We visited him in his room in the Kremlin. Every approach to this room was guarded by a sentry. We were required to show our passes several times before we reached the inner sanctum. He received us quietly but graciously. An artist was engaged upon a bust of him whilst we talked.

He is a small man with a bald head, having a fringe of reddish hair at the back and a tiny red beard. His mouth is large and his lips thick; his eyes are red-brown, and possess the merriest twinkle. Do not, gentle visitor, when you meet the great man fall victim to this twinkling eye, and make the mistake of thinking it betokens a tender spirit. I am sure Lenin is the kindest and gentlest of men in private relationships; but when he mentioned his solution of the peasant problem, the merry twinkle had a cruel glint which horrified. “Do you not have a great deal of trouble with the peasants?” he was asked. “Do they not, as in the rest of Europe, object very strongly to the communisation of land?”

“Oh, yes,” was the reply, “we have trouble occasionally; but it is with the rich peasants chiefly.
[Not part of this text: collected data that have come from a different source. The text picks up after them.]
lemma alt_closed_transfer:
  assumes G: "multigraph V E ends" and "C \<in> K V E ends d" "C' \<in> K V E ends d"
    and closed: "alt_closed E ends C' S"
  shows "alt_closed E ends C S"
  unfolding alt_closed_def
proof (intro allI impI)
  fix x y
  assume "x \<in> S" "alt_step E ends C x y"
  then obtain f u v where f: "f \<in> E" "ends f = {u, v}" and xy: "x = (u, C f)" "y = (v, opposite (C f))"
    unfolding alt_step_def by blast
  show "y \<in> S"
  proof (cases "C f = C' f")
    case True
    then show ?thesis
      using closed \<open>x \<in> S\<close> alt_stepI[of f E ends u v C'] f xy unfolding alt_closed_def by simp
  next
    case False
    have fin: "finite E"
      using G unfolding multigraph_def by simp
    have "(\<Sum>g\<in>E. flux S C' ends g - flux S C ends g) = 0"
      using sum_flux[OF G assms(2)] sum_flux[OF G assms(3)] by (simp add: sum_subtractf)
    moreover have "flux S C' ends g - flux S C ends g =
        (if C g = C' g then 0 else 2 * flux S C' ends g)" for g
      using flux_recolour[of S C ends g C'] by auto
    ultimately have "\<forall>g\<in>E. (if C g = C' g then 0 else 2 * flux S C' ends g) = 0"
      using fin flux_nonneg[OF closed G] by (subst sum_nonneg_eq_0_iff[symmetric]) auto
    then have "flux S C' ends f = 0"
      using f False by auto
    moreover have "u \<noteq> v"
      using G f unfolding multigraph_def by auto
    ultimately show ?thesis
      using zero_flux_reverse_arc[OF closed f] \<open>x \<in> S\<close> xy False
      by (simp add: colour_neq_iff)
  qed
qed

theorem lemma2p5:
  fixes V :: "'v set" and E :: "'e set" and ends :: "'e \<Rightarrow> 'v set"
    and d :: "'v \<Rightarrow> int" and C C' :: "'e \<Rightarrow> colour" and e :: 'e
  assumes "multigraph V E ends"
    and "C \<in> K V E ends d"
    and "e \<in> E"
    and "has_CAW_through E ends C e"
    and "C' \<in> K V E ends d"
  shows "has_CAW_through E ends C' e"
proof -
  obtain u v where ends: "ends e = {u, v}"
    and reach: "(alt_step E ends C)\<^sup>*\<^sup>* (v, opposite (C e)) (u, C e)"
    by (rule has_CAW_through_imp_rtranclp_alt_step[OF assms(4)])
  define S where "S = {z. (alt_step E ends C')\<^sup>*\<^sup>* (v, opposite (C' e)) z}"
  have "alt_closed E ends C' S"
    unfolding alt_closed_def S_def by (auto intro: rtranclp.rtrancl_into_rtrancl)
  then have closed: "alt_closed E ends C S"
    by (rule alt_closed_transfer[OF assms(1,2,5)])
  have "(v, opposite (C' e)) \<in> S"
    unfolding S_def by simp
  moreover have "(alt_step E ends C)\<^sup>*\<^sup>* (v, opposite (C' e)) (u, C' e)"
  proof (cases "C e = C' e")
    case True
    then show ?thesis
      using reach by simp
  next
    case False
    then have "alt_step E ends C (v, opposite (C' e)) (u, C' e)"
      using alt_stepI[of e E ends v u C] assms(3) ends by (simp add: colour_neq_iff insert_commute)
    then show ?thesis
      by simp
  qed
  ultimately have "(u, C' e) \<in> S"
    using alt_closed_rtranclp closed by blast
  then show ?thesis
    using rtranclp_alt_step_imp_has_CAW_through[of e E ends u v C', OF assms(3) ends]
    unfolding S_def by simp
qed

end
lemma central_difference_even:
  assumes "\<And>t. f (-t) = f t"
  shows "central_difference k f = (-1)^k * real (2*k choose k) * f 0
           + 2 * (\<Sum>m=1..k. (-1)^(k+m) * real (2*k choose (k+m)) * f (real m))"
proof -
  define g where "g j = real (2*k choose j) * (-1)^j * f (real k - real j)" for j
  have split: "{0..2*k} = {0..<k} \<union> {k} \<union> {1+k..k+k}" by auto
  have lower: "g (k - m) = (-1)^(k+m) * real (2*k choose (k+m)) * f (real m)" if "m \<in> {1..k}" for m
  proof -
    have "2*k choose (k - m) = 2*k choose (k + m)"
      using that binomial_symmetric[of "k - m" "2*k"] by (simp add: numeral_2_eq_2)
    moreover have "(-1::real)^(k+m) = (-1)^(k-m)"
      using that by (simp add: minus_one_power_iff)
    ultimately show ?thesis using that unfolding g_def by (simp add: of_nat_diff)
  qed
  have upper: "g (m + k) = (-1)^(k+m) * real (2*k choose (k+m)) * f (real m)" for m
    using assms[of "real m"] unfolding g_def by (simp add: add.commute)
  have "central_difference k f = (\<Sum>j\<in>{0..<k}. g j) + g k + (\<Sum>j=1+k..k+k. g j)"
    unfolding central_difference_def g_def[symmetric] split
    by (subst sum.union_disjoint; auto)+
  also have "\<dots> = (\<Sum>m=1..k. g (k - m)) + g k + (\<Sum>m=1..k. g (m + k))"
    using sum.shift_bounds_cl_nat_ivl[of g 1 k k]
    by (simp add: sum.atLeastLessThan_rev_at_least_Suc_atMost)
  also have "(\<Sum>m=1..k. g (k - m)) = (\<Sum>m=1..k. (-1)^(k+m) * real (2*k choose (k+m)) * f (real m))"
    using lower by (rule sum.cong[OF refl])
  also have "(\<Sum>m=1..k. g (m + k)) = (\<Sum>m=1..k. (-1)^(k+m) * real (2*k choose (k+m)) * f (real m))"
    unfolding upper ..
  finally show ?thesis
    by (simp add: g_def)
qed

section \<open>The normalising constant is nonzero\<close>

lemma Rolle_card_zeros:
  fixes g g' :: "real \<Rightarrow> real"
  assumes der: "\<And>t. (g has_real_derivative g' t) (at t)"
    and "finite Z" "card Z = Suc m" "\<forall>z\<in>Z. g z = 0"
  shows "\<exists>W. finite W \<and> card W = m \<and> (\<forall>w\<in>W. g' w = 0) \<and> W \<subseteq> {Min Z<..<Max Z}"
  using assms(2-4)
proof (induction m arbitrary: Z)
  case 0
  then show ?case by (intro exI[of _ "{}"]) auto
next
  case (Suc m)
  define z where "z = Max Z"
  define Z' where "Z' = Z - {z}"
  have "Z \<noteq> {}" using Suc.prems by auto
  then have z: "z \<in> Z" "\<forall>y\<in>Z'. y < z"
    using Suc.prems(1) unfolding z_def Z'_def by (auto simp: order.not_eq_order_implies_strict)
  have Z': "finite Z'" "card Z' = Suc m" "Z' \<subseteq> Z"
    using Suc.prems z(1) unfolding Z'_def by (auto simp: card_Diff_singleton)
  then have "Z' \<noteq> {}" by auto
  obtain W where W: "finite W" "card W = m" "\<forall>w\<in>W. g' w = 0" "W \<subseteq> {Min Z'<..<Max Z'}"
    using Suc.IH[OF Z'(1,2)] Suc.prems(3) Z'(3) by blast
  have "Max Z' < z" using z(2) Z' \<open>Z' \<noteq> {}\<close> by auto
  moreover have "g (Max Z') = g z"
    using Suc.prems(3) z(1) Max_in[OF Z'(1) \<open>Z' \<noteq> {}\<close>] Z'(3) by auto
  ultimately obtain w where w: "Max Z' < w" "w < z" "(g has_real_derivative 0) (at w)"
    using Rolle[of "Max Z'" z g] der
    by (metis DERIV_continuous_on has_field_derivative_at_within real_differentiable_def)
  have "g' w = 0" using w(3) der DERIV_unique by blast
  moreover have "w \<notin> W" using W(4) w(1) by auto
  moreover have "{Min Z'<..<Max Z'} \<union> {Max Z'<..<z} \<subseteq> {Min Z<..<Max Z}"
    using \<open>Max Z' < z\<close> Min_antimono[OF Z'(3) \<open>Z' \<noteq> {}\<close>] Suc.prems(1)
      Max_ge[OF Z'(1) Min_in[OF Z'(1) \<open>Z' \<noteq> {}\<close>]] by (auto simp: z_def)
  ultimately show ?case
    using W w by (intro exI[of _ "insert w W"]) auto
qed

lemma has_real_derivative_exp_sum:
  "((\<lambda>z. \<Sum>i\<in>I. a i * exp (lam i * z)) has_real_derivative (\<Sum>i\<in>I. a i * lam i * exp (lam i * z))) (at z)"
  by (auto intro!: derivative_eq_intros sum.cong)
lemma rat_poly_bernstein_nonneg:
  fixes F :: "rat poly"
  assumes "\<And>x. 0 < x \<Longrightarrow> x < 1 \<Longrightarrow> 0 < poly (of_rat_poly F) x"
  shows "\<exists>n0. \<forall>n\<ge>n0. \<exists>a. (\<forall>k. 0 \<le> a k) \<and> (\<forall>x. poly (of_rat_poly F) x = bernstein_form n (\<lambda>k. of_rat (a k)) x)"
proof -
  obtain i j H where F: "\<And>x. poly (of_rat_poly F) x = x ^ i * (1 - x) ^ j * poly (of_rat_poly H) x"
    and H: "\<And>x. 0 \<le> x \<Longrightarrow> x \<le> 1 \<Longrightarrow> 0 < poly (of_rat_poly H) x"
    using rat_poly_pos_factor[OF assms] by blast
  obtain n1 where n1: "\<And>n k. n1 \<le> n \<Longrightarrow> k \<le> n \<Longrightarrow> 0 \<le> bernstein_coeff (of_rat_poly H) n k"
    using bernstein_coeff_nonneg_eventually[OF H] by blast
  have *: "\<exists>a. (\<forall>k. 0 \<le> a k) \<and> (\<forall>x. poly (of_rat_poly F) x = bernstein_form (n + i + j) (\<lambda>k. of_rat (a k)) x)"
    if n: "max n1 (degree H) \<le> n" for n
  proof (intro exI conjI allI)
    let ?a = "\<lambda>k. if i \<le> k \<and> k \<le> i + n then bernstein_coeff H n (k - i) else 0"
    show "0 \<le> ?a k" for k
      using n1[of n "k - i"] n by (auto simp: bernstein_coeff_of_rat_poly zero_le_of_rat_iff)
    have H_form: "poly (of_rat_poly H) x = bernstein_form n (bernstein_coeff (of_rat_poly H) n) x" for x
      using n by (intro poly_eq_bernstein_form) (simp add: degree_map_poly)
    show "poly (of_rat_poly F) x = bernstein_form (n + i + j) (\<lambda>k. of_rat (?a k)) x" for x
      unfolding F H_form bernstein_form_shift by (intro bernstein_form_cong) (auto simp: bernstein_coeff_of_rat_poly)
  qed
  show ?thesis
  proof (rule exI[of _ "max n1 (degree H) + i + j"], intro allI impI)
    fix N assume "max n1 (degree H) + i + j \<le> N"
    then have "max n1 (degree H) \<le> N - i - j" "N - i - j + i + j = N" by auto
    with *[of "N - i - j"]
    show "\<exists>a. (\<forall>k. 0 \<le> a k) \<and> (\<forall>x. poly (of_rat_poly F) x = bernstein_form N (\<lambda>k. of_rat (a k)) x)"
      by simp
  qed
qed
But we soon get over that. We send to the village a good Communist, who explains to the poor peasant the position and shows to him how the rich peasant is his enemy, and the poor peasant does the rest. Ha! ha! ha!”

Lenin’s method with his visitors is clever. He has a most engaging frankness. He suggests by his manner a more or less confidential exchange of opinions. But when the interview is over, it is found that he has told you far less than you have told him.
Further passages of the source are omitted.